Below is a listing; restate from it, character for character, the lines beginning at the line holding "by (intro tendsto_intros lim)" and ending at the line holding "unfolding eventually_sequentially balance", both included.

● ● ●

definition isolates :: "(nat \<Rightarrow> nat \<times> real) \<Rightarrow> (nat \<Rightarrow> real) \<Rightarrow> (nat \<Rightarrow> real) set \<Rightarrow> bool" where
  "isolates \<omega> x S \<longleftrightarrow> (\<exists>n p. region_centers \<omega> x S n = {p})"

definition final_center :: "(nat \<Rightarrow> nat \<times> real) \<Rightarrow> (nat \<Rightarrow> real) \<Rightarrow> (nat \<Rightarrow> real) set \<Rightarrow> nat \<Rightarrow> real" where
  "final_center \<omega> x S = (THE p. \<exists>n. region_centers \<omega> x S n = {p})"

lemma final_center_eq: "region_centers \<omega> x S n = {p} \<Longrightarrow> final_center \<omega> x S = p"
  unfolding final_center_def by (rule the_equality) (auto dest: region_centers_singleton_unique)

lemma isolatesE:
  assumes "isolates \<omega> x S"
  obtains n where "region_centers \<omega> x S n = {final_center \<omega> x S}"
  using assms final_center_eq unfolding isolates_def by metis

lemma isolates_iff: "isolates \<omega> x S \<longleftrightarrow> (\<exists>n. \<exists>p\<in>S. region_centers \<omega> x S n = {p})"
  unfolding isolates_def using region_centers_subset by blast

lemma leaf_center_eq_final_center: "isolates \<omega> x S \<Longrightarrow> leaf_center \<omega> x S = final_center \<omega> x S"
  unfolding leaf_center_def final_center_def isolates_def by simp

lemma leaf_center_eq: "region_centers \<omega> x S n = {p} \<Longrightarrow> leaf_center \<omega> x S = p"
  using leaf_center_eq_final_center final_center_eq isolates_def by metis

lemma region_centers_singleton_shift:
  "(\<exists>n. region_centers \<omega> x S n = {p}) \<longleftrightarrow>
   (\<exists>n. region_centers (\<lambda>k. \<omega> (Suc k)) x (refine (\<omega> 0) x S) n = {p})"
  using region_centers_singleton_stable[of \<omega> x S _ p "Suc _"]
  by (metis le_SucI order_refl region_centers_Suc_shift)

lemma isolates_Suc_shift:
  "isolates \<omega> x S \<longleftrightarrow> isolates (\<lambda>k. \<omega> (Suc k)) x (refine (\<omega> 0) x S)"
  unfolding isolates_def using region_centers_singleton_shift by blast

lemma final_center_Suc_shift:
  "final_center \<omega> x S = final_center (\<lambda>k. \<omega> (Suc k)) x (refine (\<omega> 0) x S)"
  unfolding final_center_def using region_centers_singleton_shift by presburger

section \<open>The distribution of the cuts\<close>

lemma sets_cutM: "sets (cutM d a b) = sets (count_space {..<d} \<Otimes>\<^sub>M borel)"
  unfolding cutM_def by (rule sets_pair_measure_cong) (simp_all add: sets_uniform_count_measure)

lemma measurable_cutM_coordinatewise:
  assumes "\<And>i. i < d \<Longrightarrow> (\<lambda>\<theta>. f (i, \<theta>)) \<in> measurable borel K"
  shows "f \<in> measurable (cutM d a b) K"
  unfolding measurable_cong_sets[OF sets_cutM refl]
  by (rule measurable_pair_measure_countable1) (use assms in auto)

lemma measurable_Pair_cutM: "i < d \<Longrightarrow> (\<lambda>\<theta>. (i, \<theta>)) \<in> measurable borel (cutM d a b)"
  unfolding measurable_cong_sets[OF refl sets_cutM] by (rule measurable_Pair) auto
lemma card_less_two_power:
  assumes "finite (\<Union>G)" and "card (\<Union>G) \<le> r" and "\<And>R. R \<in> G \<Longrightarrow> card R \<noteq> r"
  shows "card G < 2 ^ r"
proof (cases "card (\<Union>G) = r")
  case True
  then have "G \<subset> Pow (\<Union>G)" using assms(3) by blast
  then have "card G < card (Pow (\<Union>G))"
    using assms(1) by (intro psubset_card_mono) auto
  then show ?thesis using True assms(1) by (simp add: card_Pow)
next
  case False
  then have "card G \<le> 2 ^ card (\<Union>G)"
    using assms(1) by (intro card_le_two_power) auto
  also have "\<dots> < 2 ^ r"
    using False assms(2) by (intro power_strict_increasing) auto
  finally show ?thesis .
qed

lemma card_link_le_if_not_rich:
  assumes "finite N" and "F \<subseteq> Pow N" and "\<And>S. S \<in> F \<Longrightarrow> card (S - X) \<le> q" and "0 < q"
    and "\<not> rich K q X F B"
  shows "card (link X F B) \<le> (1 + K * q) * binom_le (card N) (q - 1)"
proof -
  define H where "H = {C \<in> link X F B. card C = q}"
  have link: "link X F B \<subseteq> {C. C \<subseteq> N \<and> card C \<le> q}"
    by (rule link_subset[OF assms(2,1,3)])
  have finLow: "finite {C. C \<subseteq> N \<and> card C \<le> q - 1}"
    by (rule finite_subset[of _ "Pow N"]) (use assms(1) in auto)
  have HN: "H \<subseteq> {S. S \<subseteq> N \<and> card S = q}" unfolding H_def using link by blast
  have finH: "finite H"
    by (rule finite_subset[OF HN], rule finite_subset[of _ "Pow N"]) (use assms(1) in auto)
  have few: "card M < K" if "M \<subseteq> H" and "pairwise disjnt M" for M
  proof (rule ccontr)
    assume "\<not> card M < K"
    then have "rich K q X F B"
      using that finite_subset[OF that(1) finH] unfolding rich_def H_def by auto
    with assms(5) show False ..
  qed
  have "link X F B \<subseteq> {C. C \<subseteq> N \<and> card C \<le> q - 1} \<union> H"
    using link unfolding H_def by fastforce
  then have "card (link X F B) \<le> card {C. C \<subseteq> N \<and> card C \<le> q - 1} + card H"
    using finLow finH card_mono[of _ "link X F B"] card_Un_le by (meson finite_UnI le_trans)
  also have "\<dots> \<le> binom_le (card N) (q - 1) + K * q * (card N choose (q - 1))"
    using card_subsets_card_le[OF assms(1)] card_uniform_family_le[OF assms(1,4) HN few] by simp
  also have "\<dots> \<le> binom_le (card N) (q - 1) + K * q * binom_le (card N) (q - 1)"
    unfolding binom_le_def by (simp add: member_le_sum)
  finally show ?thesis by (simp add: algebra_simps)
qed
lemma ratio_limit_bounds:
  fixes f :: "nat \<Rightarrow> real"
  assumes "(\<lambda>n. f n / real n) \<longlonglongrightarrow> L" "0 < \<eta>"
  obtains N where "\<And>n. N \<le> n \<Longrightarrow> (L - \<eta>) * real n \<le> f n \<and> f n \<le> (L + \<eta>) * real n"
proof -
  obtain N where N: "\<And>n. N \<le> n \<Longrightarrow> norm (f n / real n - L) < \<eta>"
    using LIMSEQ_D[OF assms] by blast
  have "(L - \<eta>) * real n \<le> f n \<and> f n \<le> (L + \<eta>) * real n" if "max N 1 \<le> n" for n
  proof -
    have "\<bar>f n / real n - L\<bar> < \<eta>" using N[of n] that by simp
    thus ?thesis using that by (simp add: field_simps abs_less_iff)
  qed
  thus ?thesis using that by blast
qed

lemma balance_outgrows_zero_runsI:
  assumes "0 < \<gamma>"
    and "\<forall>\<^sub>F m in sequentially. \<forall>q. (\<forall>i<q. doubling_orbit x (m + i) < 1/2) \<longrightarrow>
      (\<forall>j\<ge>m. real q + \<gamma> * real m \<le> digit_balance x j)"
  shows "balance_outgrows_zero_runs x"
  unfolding balance_outgrows_zero_runs_def
proof
  fix M :: real
  obtain N where N: "\<And>m q j. N \<le> m \<Longrightarrow> \<forall>i<q. doubling_orbit x (m + i) < 1/2 \<Longrightarrow> m \<le> j \<Longrightarrow>
      real q + \<gamma> * real m \<le> digit_balance x j"
    using assms(2) unfolding eventually_sequentially by blast
  have margin: "M \<le> \<gamma> * real m" if "nat \<lceil>M / \<gamma>\<rceil> \<le> m" for m
  proof -
    have "M / \<gamma> \<le> of_int \<lceil>M / \<gamma>\<rceil>" by (rule le_of_int_ceiling)
    also have "\<dots> \<le> of_int (int m)" using that unfolding of_int_le_iff by (simp add: nat_le_iff)
    finally show ?thesis using assms(1) by (simp add: divide_le_eq mult.commute)
  qed
  show "\<exists>N. \<forall>m\<ge>N. \<forall>q. (\<forall>i<q. doubling_orbit x (m + i) < 1/2) \<longrightarrow> (\<forall>j\<ge>m. M + real q \<le> digit_balance x j)"
  proof (intro exI[of _ "max N (nat \<lceil>M / \<gamma>\<rceil>)"] allI impI)
    fix m q j assume "max N (nat \<lceil>M / \<gamma>\<rceil>) \<le> m" "\<forall>i<q. doubling_orbit x (m + i) < 1/2" "m \<le> j"
    thus "M + real q \<le> digit_balance x j" using N[of m q j] margin[of m] by simp
  qed
qed

text \<open>A run of \<open>q\<close> zeros starting at \<open>m\<close> raises the balance by \<open>q\<close>, which the density bounds at \<open>m\<close>
  and \<open>m + q\<close> only allow for \<open>q = O(\<eta> m)\<close>.\<close>

lemma balance_outgrows_zero_runs_of_density:
  assumes lim: "(\<lambda>n. digit_balance x n / real n) \<longlonglongrightarrow> L" and L: "0 < L" "L < 1"
  shows "balance_outgrows_zero_runs x"
proof (rule balance_outgrows_zero_runsI[of "L/2"])
  define \<eta> where "\<eta> = L * (1 - L) / 16"
  have "L * (1 - L) \<le> 1 * (1 - L)" "L * (1 - L) \<le> L * 1" "0 < L * (1 - L)"
    using L by (intro mult_mono mult_pos_pos; simp)+
  hence \<eta>: "0 < \<eta>" "\<eta> \<le> L/4" "\<eta> \<le> (1 - L) / 2" using L \<eta>_def by linarith+
  obtain N where N: "\<And>n. N \<le> n \<Longrightarrow> (L - \<eta>) * real n \<le> digit_balance x n \<and> digit_balance x n \<le> (L + \<eta>) * real n"
    using ratio_limit_bounds[OF lim \<eta>(1)] by blast
  show "\<forall>\<^sub>F m in sequentially. \<forall>q. (\<forall>i<q. doubling_orbit x (m + i) < 1/2) \<longrightarrow>
      (\<forall>j\<ge>m. real q + L / 2 * real m \<le> digit_balance x j)"
    unfolding eventually_sequentially
  proof (intro exI[of _ N] allI impI)
    fix m q j assume m: "N \<le> m" and run: "\<forall>i<q. doubling_orbit x (m + i) < 1/2" and j: "m \<le> j"
    have "real q \<le> (L + \<eta>) * (real m + real q) - (L - \<eta>) * real m"
      using digit_balance_zero_run[OF run] N[of m] N[of "m + q"] m by simp
    hence "real q * (1 - L - \<eta>) \<le> 2 * \<eta> * real m" by (simp add: algebra_simps)
    moreover have "real q * ((1 - L) / 2) \<le> real q * (1 - L - \<eta>)"
      using \<eta> by (intro mult_left_mono) auto
    ultimately have "real q * ((1 - L) / 2) \<le> (L * (1 - L) / 8) * real m" unfolding \<eta>_def by simp
    hence "real q * (1 - L) \<le> (L * real m / 4) * (1 - L)" by (simp add: field_simps)
    hence q: "real q \<le> L * real m / 4" using L by (simp add: mult_le_cancel_right)
    have "(L - \<eta>) * real m \<le> (L - \<eta>) * real j" using j \<eta> by (intro mult_left_mono) auto
    moreover have "(3 * L / 4) * real m \<le> (L - \<eta>) * real m" using \<eta> by (intro mult_right_mono) auto
    ultimately have "(3 * L / 4) * real m \<le> digit_balance x j" using N[of j] m j by simp
    thus "real q + L / 2 * real m \<le> digit_balance x j" using q by simp
  qed
qed (use L in simp)

lemma strict_mono_bracket:
  fixes a :: "nat \<Rightarrow> nat"
  assumes a: "strict_mono a" and m: "a i0 \<le> m"
  obtains i where "i0 \<le> i" "a i \<le> m" "m < a (Suc i)"
proof -
  define l where "l = (LEAST l. m < a l)"
  have "\<exists>l. m < a l" using strict_mono_imp_increasing[OF a, of "Suc m"] by (intro exI[of _ "Suc m"]) simp
  hence l: "m < a l" unfolding l_def by (rule LeastI_ex)
  have "a 0 \<le> m" using a m by (meson le_trans strict_mono_less_eq zero_le)
  hence "l \<noteq> 0" using l by (intro notI) simp
  then obtain i where i: "l = Suc i" using not0_implies_Suc by blast
  have "a i \<le> m" using not_less_Least[of i "\<lambda>l. m < a l"] i unfolding l_def by simp
  moreover have "i0 \<le> i"
  proof (rule ccontr)
    assume "\<not> i0 \<le> i"
    hence "a (Suc i) \<le> a i0" using a by (simp add: strict_mono_less_eq)
    thus False using l i m by simp
  qed
  ultimately show ?thesis using that l i by simp
qed

text \<open>With gaps \<open>a (i + 1) < c * a i\<close>, \<open>c < 2\<close>, a run of zeros after a one at position \<open>a i\<close> is
  shorter than \<open>(c - 1) * a i\<close>, while density 1 of the balance makes it grow almost like \<open>n\<close>.\<close>

lemma balance_outgrows_zero_runs_of_gaps:
  fixes a :: "nat \<Rightarrow> nat"
  assumes lim: "(\<lambda>n. digit_balance x n / real n) \<longlonglongrightarrow> 1" and a: "strict_mono a"
    and digits: "\<And>k. Suc k \<in> range a \<longleftrightarrow> 1/2 < doubling_orbit x k"
    and c: "c < 2" and gaps: "\<forall>\<^sub>F i in sequentially. real (a (Suc i)) < c * real (a i)"
  shows "balance_outgrows_zero_runs x"
proof -
  define \<kappa> where "\<kappa> = min 1 (2 - c)"
  have \<kappa>: "0 < \<kappa>" "\<kappa> \<le> 1" "c \<le> 2 - \<kappa>" using c unfolding \<kappa>_def by auto
  have \<kappa>2: "0 < \<kappa>/2" using \<kappa> by simp
  obtain N where N: "\<And>n. N \<le> n \<Longrightarrow>
      (1 - \<kappa>/2) * real n \<le> digit_balance x n \<and> digit_balance x n \<le> (1 + \<kappa>/2) * real n"
    using ratio_limit_bounds[OF lim \<kappa>2] by blast
  obtain i0 where i0: "\<And>i. i0 \<le> i \<Longrightarrow> real (a (Suc i)) < c * real (a i)"
    using gaps unfolding eventually_sequentially by blast
  show ?thesis
  proof (rule balance_outgrows_zero_runsI[of "\<kappa>/2"])
    show "\<forall>\<^sub>F m in sequentially. \<forall>q. (\<forall>i<q. doubling_orbit x (m + i) < 1/2) \<longrightarrow>
        (\<forall>j\<ge>m. real q + \<kappa> / 2 * real m \<le> digit_balance x j)"
      unfolding eventually_sequentially
    proof (intro exI[of _ "max N (a i0)"] allI impI)
      fix m q j assume m: "max N (a i0) \<le> m" and run: "\<forall>i<q. doubling_orbit x (m + i) < 1/2"
        and j: "m \<le> j"
      obtain i where i: "i0 \<le> i" "a i \<le> m" "m < a (Suc i)"
        using strict_mono_bracket[OF a, of i0 m] m by auto
      have "m + q < a (Suc i)"
      proof (rule ccontr)
        assume "\<not> m + q < a (Suc i)"
        define k where "k = a (Suc i) - Suc m"
        have k: "k < q" "Suc (m + k) = a (Suc i)" using i(3) \<open>\<not> m + q < a (Suc i)\<close> unfolding k_def by auto
        have "Suc (m + k) \<in> range a" unfolding k(2) by (rule rangeI)
        hence "1/2 < doubling_orbit x (m + k)" using digits[of "m + k"] by simp
        thus False using run k(1) by force
      qed
      hence "real m + real q < real (a (Suc i))" by linarith
      also have "real (a (Suc i)) < c * real (a i)" using i0 i(1) by blast
      also have "\<dots> \<le> (2 - \<kappa>) * real m" using \<kappa> c i(2) by (intro mult_mono) auto
      finally have "real q < (1 - \<kappa>) * real m" by (simp add: algebra_simps)
      moreover have "(1 - \<kappa>/2) * real m \<le> (1 - \<kappa>/2) * real j" using j \<kappa> by (intro mult_left_mono) auto
      moreover have "(1 - \<kappa>/2) * real j \<le> digit_balance x j" using N[of j] m j by simp
      ultimately show "real q + \<kappa> / 2 * real m \<le> digit_balance x j" by (simp add: algebra_simps)
    qed
  qed (use \<kappa> in simp)
qed

lemma eventually_less_of_limsup_less:
  fixes f :: "nat \<Rightarrow> real"
  assumes "limsup (\<lambda>n. ereal (f n)) < ereal C"
  obtains c where "c < C" "\<forall>\<^sub>F n in sequentially. f n < c"
proof -
  obtain z where z: "limsup (\<lambda>n. ereal (f n)) < ereal z" "ereal z < ereal C"
    using ereal_dense2[OF assms] by blast
  have "\<forall>\<^sub>F n in sequentially. ereal (f n) < ereal z" by (rule Limsup_lessD[OF z(1)])
  thus ?thesis using that[of z] z(2) by simp
qed

lemma digit_balance_density:
  fixes e :: "nat \<Rightarrow> nat"
  assumes x: "nondyadic_orbit x" and e: "\<forall>k\<ge>1. e k \<in> {0, 1}"
    and sums: "(\<lambda>k. real (e (Suc k)) / 2 ^ Suc k) sums x"
    and lim: "(\<lambda>n. (\<Sum>k=1..n. real (e k)) / real n) \<longlonglongrightarrow> d"
  shows "(\<lambda>n. digit_balance x n / real n) \<longlonglongrightarrow> 1 - 2 * d"
proof -
  have balance: "digit_balance x n = real n - 2 * (\<Sum>k=1..n. real (e k))" for n
    by (rule digit_balance_eq_digit_sum[OF x e binary_digit_iff_doubling_orbit[OF x e sums]])
  have "(\<lambda>n. 1 - 2 * ((\<Sum>k=1..n. real (e k)) / real n)) \<longlonglongrightarrow> 1 - 2 * d"
    by (intro tendsto_intros lim)
  moreover have "\<forall>\<^sub>F n in sequentially. 1 - 2 * ((\<Sum>k=1..n. real (e k)) / real n) = digit_balance x n / real n"
    unfolding eventually_sequentially balance by (intro exI[of _ 1]) (auto simp: field_simps)
  ultimately show ?thesis by (rule Lim_transform_eventually)
qed

theorem takagi_slope_at_top_of_digit_density:
  fixes x d :: real and e a :: "nat \<Rightarrow> nat"
  assumes x: "0 < x" "x < 1" "\<not> dyadic x"
    and e: "\<forall>k\<ge>1. e k \<in> {0, 1}" "(\<lambda>k. real (e (Suc k)) / 2 ^ Suc k) sums x"
    and a: "strict_mono a" "\<forall>n. 1 \<le> a n" "(\<lambda>n. (1/2) ^ a n) sums x"
    and lim: "(\<lambda>n. (\<Sum>k=1..n. real (e k)) / real n) \<longlonglongrightarrow> d"
    and density: "(0 < d \<and> d < 1/2) \<or> (d = 0 \<and> limsup (\<lambda>n. ereal (real (a (Suc n)) / real (a n))) < 2)"
  shows "filterlim (\<lambda>h. (takagi (x + h) - takagi x) / h) at_top (at 0)"
proof -
  have orbit: "nondyadic_orbit x" by (rule nondyadic_orbit_of_not_dyadic[OF x])
  have balance: "(\<lambda>n. digit_balance x n / real n) \<longlonglongrightarrow> 1 - 2 * d"
    by (rule digit_balance_density[OF orbit e lim])
  have "balance_outgrows_zero_runs x"
  proof (cases "0 < d \<and> d < 1/2")
    case True
    thus ?thesis using balance_outgrows_zero_runs_of_density[OF balance] by simp
  next
    case False
    hence d: "d = 0" and gaps: "limsup (\<lambda>n. ereal (real (a (Suc n)) / real (a n))) < ereal 2"
      using density by auto
    obtain c where c: "c < 2" "\<forall>\<^sub>F n in sequentially. real (a (Suc n)) / real (a n) < c"
      by (rule eventually_less_of_limsup_less[OF gaps])
    have "\<forall>\<^sub>F n in sequentially. real (a (Suc n)) < c * real (a n)"
      using c(2) by eventually_elim (use a(2) in \<open>auto simp: divide_less_eq Suc_le_eq\<close>)
    thus ?thesis
      using balance_outgrows_zero_runs_of_gaps[OF _ a(1) range_iff_doubling_orbit[OF orbit a] c(1)] balance d
      by simp
  qed
  thus ?thesis by (rule takagi_slope_tendsto_at_top[OF orbit])
qed

lemma takagi_slope_at_bot_of_one_minus:
  assumes "filterlim (\<lambda>h. (takagi (1 - x + h) - takagi (1 - x)) / h) at_top (at 0)"
  shows "filterlim (\<lambda>h. (takagi (x + h) - takagi x) / h) at_bot (at 0)"
proof -
  have "filterlim uminus (at 0) (at (0::real))" by (simp add: filterlim_def filtermap_at_minus)
  hence "filterlim (\<lambda>h. (takagi (1 - x + - h) - takagi (1 - x)) / - h) at_top (at 0)"
    by (rule filterlim_compose[OF assms])
  moreover have "takagi (1 - x + - h) = takagi (x + h)" for h
    using takagi_one_minus[of "x + h"] by (simp add: algebra_simps)
  ultimately show ?thesis by (simp add: filterlim_uminus_at_bot takagi_one_minus)
qed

● ● ●

▶ **Written response**
    by (intro tendsto_intros lim)
  moreover have "\<forall>\<^sub>F n in sequentially. 1 - 2 * ((\<Sum>k=1..n. real (e k)) / real n) = digit_balance x n / real n"
    unfolding eventually_sequentially balance by (intro exI[of _ 1]) (auto simp: field_simps)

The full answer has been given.